Russia plans to launch the Yak 152 a light aircraft with trainer and combat roles to compete with the Embraer Super Tucano, Pilatus and Beechcraft planes.
Taking advantage of the growing market for light trainer aircraft which have been adapted to reconnaissance and combat roles such as the Super Tucano , the Pilatus PC-7 and PC-9, Russia’s Irkutsk Aviation Plant has announced plans to launch two samples of the light Yak-152 trainer in 2015.
Developed by the Yakovlev Design Bureau, a subsidiary of the Irkut Corporation, the new trainer is destined for primary pilot preparation. The "flying desk" will be tested in 2016, after which it will go into serial production, according to local media reports.

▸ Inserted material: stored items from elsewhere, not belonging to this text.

(* Let $G$ be a graph and let $\mathcal R=\{G_v: v\in V(G)\}$ be a family of pairwise vertex-disjoint graphs. Then $$\gamma_{gr}(G\hookleftarrow \mathcal R)=\max \left\{\gamma_{gr}(G,I)+\sum_{v\in I} \gamma_{gr}(G_v)-|I| \;:\; I \text{ is an independent set of } G\right\}.$$
   Context: All graphs are finite and simple; $N[v]$ denotes the closed neighborhood. The $X$-join product $G\hookleftarrow \mathcal R$ has vertex set $\bigcup_{v\in V(G)}V(G_v)$, the edges of all $G_v$, and all edges between $V(G_u)$ and $V(G_v)$ whenever $uv\in E(G)$. For a sequence $S=(v_1,\dots,v_k)$ of distinct vertices, $\widehat S=\{v_1,\dots,v_k\}$, $|S|=k$, and $PN_S(v_i)=N[v_i]\setminus\bigcup_{j<i}N[v_j]$. $S$ is a legal dominating sequence of $G$ if $\widehat S$ is a dominating set and $PN_S(v_i)\neq\emptyset$ for all $i$; $\mathcal L(G)$ is the set of these. $\gamma_{gr}(G)$ (Grundy domination number) is the maximum length of a legal dominating sequence. For $S\in\mathcal L(G)$, the footprinter $f_S(x)$ of $x$ is the unique $v\in\widehat S$ with $x\in PN_S(v)$, and $I_S=\{v: f_S(v)=v\}$. For an independent set $I$, $\mathcal L(G,I)=\{S\in\mathcal L(G): I_S=I\}$ and $\gamma_{gr}(G,I)=\max\{|S|:S\in\mathcal L(G,I)\}$, where the maximum of the empty set is $-\infty$. *)

theory Defs
  imports Main "HOL-Library.Extended_Real"
begin

type_synonym 'a graph = "'a set \<times> ('a \<times> 'a) set"

definition verts :: "'a graph \<Rightarrow> 'a set" where "verts G = fst G"
definition edges :: "'a graph \<Rightarrow> ('a \<times> 'a) set" where "edges G = snd G"

definition graph :: "'a graph \<Rightarrow> bool" where
  "graph G \<longleftrightarrow> finite (verts G) \<and> edges G \<subseteq> verts G \<times> verts G
     \<and> sym (edges G) \<and> irrefl (edges G)"

definition cnbh :: "'a graph \<Rightarrow> 'a \<Rightarrow> 'a set" where
  "cnbh G v = insert v {u. (v, u) \<in> edges G}"

definition independent :: "'a graph \<Rightarrow> 'a set \<Rightarrow> bool" where
  "independent G I \<longleftrightarrow> I \<subseteq> verts G \<and> (\<forall>u\<in>I. \<forall>v\<in>I. (u, v) \<notin> edges G)"

definition dominating :: "'a graph \<Rightarrow> 'a set \<Rightarrow> bool" where
  "dominating G D \<longleftrightarrow> D \<subseteq> verts G \<and> (\<forall>x\<in>verts G. \<exists>v\<in>D. x \<in> cnbh G v)"

definition PN :: "'a graph \<Rightarrow> 'a list \<Rightarrow> nat \<Rightarrow> 'a set" where
  "PN G S i = cnbh G (S ! i) - (\<Union>j<i. cnbh G (S ! j))"

definition legal_dom_seqs :: "'a graph \<Rightarrow> 'a list set" where
  "legal_dom_seqs G = {S. distinct S \<and> dominating G (set S)
      \<and> (\<forall>i<length S. PN G S i \<noteq> {})}"

definition gamma_gr :: "'a graph \<Rightarrow> nat" where
  "gamma_gr G = Max (length ` legal_dom_seqs G)"

definition footprinter :: "'a graph \<Rightarrow> 'a list \<Rightarrow> 'a \<Rightarrow> 'a" where
  "footprinter G S x = (THE v. \<exists>i<length S. S ! i = v \<and> x \<in> PN G S i)"

definition I_seq :: "'a graph \<Rightarrow> 'a list \<Rightarrow> 'a set" where
  "I_seq G S = {v \<in> verts G. footprinter G S v = v}"

definition legal_dom_seqs_I :: "'a graph \<Rightarrow> 'a set \<Rightarrow> 'a list set" where
  "legal_dom_seqs_I G I = {S \<in> legal_dom_seqs G. I_seq G S = I}"

definition gamma_gr_I :: "'a graph \<Rightarrow> 'a set \<Rightarrow> ereal" where
  "gamma_gr_I G I = (if legal_dom_seqs_I G I = {} then -\<infinity>
      else ereal (real (Max (length ` legal_dom_seqs_I G I))))"

definition xjoin :: "'a graph \<Rightarrow> ('a \<Rightarrow> 'b graph) \<Rightarrow> 'b graph" where
  "xjoin G R = ((\<Union>v\<in>verts G. verts (R v)),
     (\<Union>v\<in>verts G. edges (R v)) \<union>
     {(x, y). \<exists>u v. (u, v) \<in> edges G \<and> x \<in> verts (R u) \<and> y \<in> verts (R v)})"

end

theory Submission
  imports Defs
begin

text \<open>
  Write H for the X-join. Given a legal dominating sequence S of G with I_S = I, replace every
  v in I by a Grundy sequence of G_v and every other entry v of S by a single vertex of G_v.
  The result is a legal dominating sequence of H: when a vertex of I is reached, nothing in its
  block is dominated yet, and every other entry v has a private neighbour w \<noteq> v in G whose
  whole block is still undominated. This gives the lower bound
  |S| + (sum over v in I of gamma_gr G_v) - |I|.

  Conversely, let T be a Grundy sequence of H and B its sequence of blocks. Dropping from B every
  entry without a private neighbour leaves a legal dominating sequence S of G; its self-footprinted
  vertices I are the blocks entered before any neighbouring block. A block outside I occurs at
  most once in T, and the entries of T inside a block v in I form a legal sequence of G_v. Each
  block dropped from S owns a private neighbour lying in a block w in I, different blocks giving
  different w, and this neighbour extends the entries of T inside G_w to a longer legal sequence
  of G_w. Counting yields |T| \<le> |S| + (sum over v in I of gamma_gr G_v) - |I|.
\<close>

lemma length_eq_sum_length_filter:
  assumes "finite A" and "f ` set xs \<subseteq> A"
  shows "length xs = (\<Sum>v\<in>A. length (filter (\<lambda>x. f x = v) xs))"
  using assms(2)
proof (induction xs)
  case (Cons x xs)
  have "(\<Sum>v\<in>A. length (filter (\<lambda>y. f y = v) (x # xs))) =
      (\<Sum>v\<in>A. (if f x = v then 1 else 0) + length (filter (\<lambda>y. f y = v) xs))"
    by (intro sum.cong) auto
  also have "\<dots> = 1 + length xs"
    using Cons assms(1) by (simp add: sum.distrib)
  finally show ?case
    by simp
qed simp

lemma sum_add_card_le_sum:
  fixes f h :: "'a \<Rightarrow> nat"
  assumes "finite A" and "inj_on g B" and "g ` B \<subseteq> A"
    and "\<And>b. b \<in> B \<Longrightarrow> f (g b) < h (g b)" and "\<And>a. a \<in> A \<Longrightarrow> f a \<le> h a"
  shows "sum f A + card B \<le> sum h A"
proof -
  have "card B = (\<Sum>a\<in>A. if a \<in> g ` B then 1 else 0)"
    using assms(1-3) card_image[OF assms(2)] by (simp add: sum.inter_restrict[symmetric] Int_absorb1)
  then have "sum f A + card B = (\<Sum>a\<in>A. f a + (if a \<in> g ` B then 1 else 0))"
    by (simp add: sum.distrib)
  also have "\<dots> \<le> sum h A"
    using assms(4,5) by (intro sum_mono) (auto simp: Suc_leI)
  finally show ?thesis .
qed

section \<open>Legal sequences\<close>

definition covered :: "'a graph \<Rightarrow> 'a list \<Rightarrow> 'a set" where
  "covered G xs = (\<Union>x\<in>set xs. cnbh G x)"

definition legal :: "'a graph \<Rightarrow> 'a list \<Rightarrow> bool" where
  "legal G xs \<longleftrightarrow> (\<forall>i<length xs. cnbh G (xs ! i) - covered G (take i xs) \<noteq> {})"

lemma cnbh_self [simp]: "v \<in> cnbh G v"
  by (simp add: cnbh_def)

lemma mem_cnbh_iff: "v \<in> cnbh G u \<longleftrightarrow> v = u \<or> (u, v) \<in> edges G"
  by (auto simp: cnbh_def)

lemma covered_Nil [simp]: "covered G [] = {}"
  and covered_Cons [simp]: "covered G (x # xs) = cnbh G x \<union> covered G xs"
  and covered_append [simp]: "covered G (xs @ ys) = covered G xs \<union> covered G ys"
  by (auto simp: covered_def)

lemma mem_covered_take_iff:
  "x \<in> covered G (take i xs) \<longleftrightarrow> (\<exists>j<i. j < length xs \<and> x \<in> cnbh G (xs ! j))"
  by (force simp: covered_def in_set_conv_nth)

lemma PN_eq_covered: "i \<le> length S \<Longrightarrow> PN G S i = cnbh G (S ! i) - covered G (take i S)"
  by (auto simp: PN_def mem_covered_take_iff)

lemma mem_PN_iff: "y \<in> PN G S j \<longleftrightarrow> y \<in> cnbh G (S ! j) \<and> (\<forall>i<j. y \<notin> cnbh G (S ! i))"
  by (auto simp: PN_def)

lemma legal_Nil [simp]: "legal G []"
  by (simp add: legal_def)

lemma legal_append:
  "legal G (xs @ ys) \<longleftrightarrow>
     legal G xs \<and> (\<forall>i<length ys. cnbh G (ys ! i) - covered G xs - covered G (take i ys) \<noteq> {})"
proof -
  have all_less_append: "(\<forall>i<length (xs @ ys). P i) \<longleftrightarrow>
      (\<forall>i<length xs. P i) \<and> (\<forall>i<length ys. P (length xs + i))" for P
    by (auto, metis add_diff_inverse_nat nat_add_left_cancel_less)
  show ?thesis
    unfolding legal_def all_less_append
    by (simp add: nth_append Diff_eq Int_assoc Int_commute Int_left_commute)
qed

According to Ria Novosti, for initial training, the Yak-152 plans to use flight professionals from the air force academies.
"In the first years of training, students will learn to fly with instructors, they will learn how to execute a simple flight known as the 'pancake' and then land," a Russian Defense Ministry spokesman told RIR. "The training will show if the student is capable of continuing flying."
According to the spokesman, the Yak-152 will help future pilots carry out highly skilled maneuvers and obtain experience with nocturnal flights and flights in difficult meteorological conditions. That is why the new trainer will be supplied with state of the art navigation equipment, as well as the CKC-94M emergency escape system.
The Russian Defense Ministry says that not only future fighter and fighter-bomber pilots will train with the Yak-152, but also commanders, as well as co-pilots flying bombers, military transportation planes and even helicopters.
"After acquiring the initial skills flying the Yak-152, students will then move on to specialized trainers," explained the defense spokesman. "For example, students wishing to fly the Su-35, the T-50 and even the fighter-bomber Su-34 will first train with the Yak-130. Pilots flying the Tu-22M and Tu-160 bombers will first hone their skills on the specially modified passenger Tu-134UBL plane."
The Yak-152, besides its primary task of training pilots, could also serve as a relatively inexpensive anti-insurgency attack plane, for which there is already a big demand, the report said.
Yakovlev's deputy general director of test flying, test pilot Roman Taskayev, told the ITAR-TASS news agency that "these planes should be built in great numbers and they should not be too expensive." It is the low price that must serve as the Yak-152's competitive edge on the foreign market.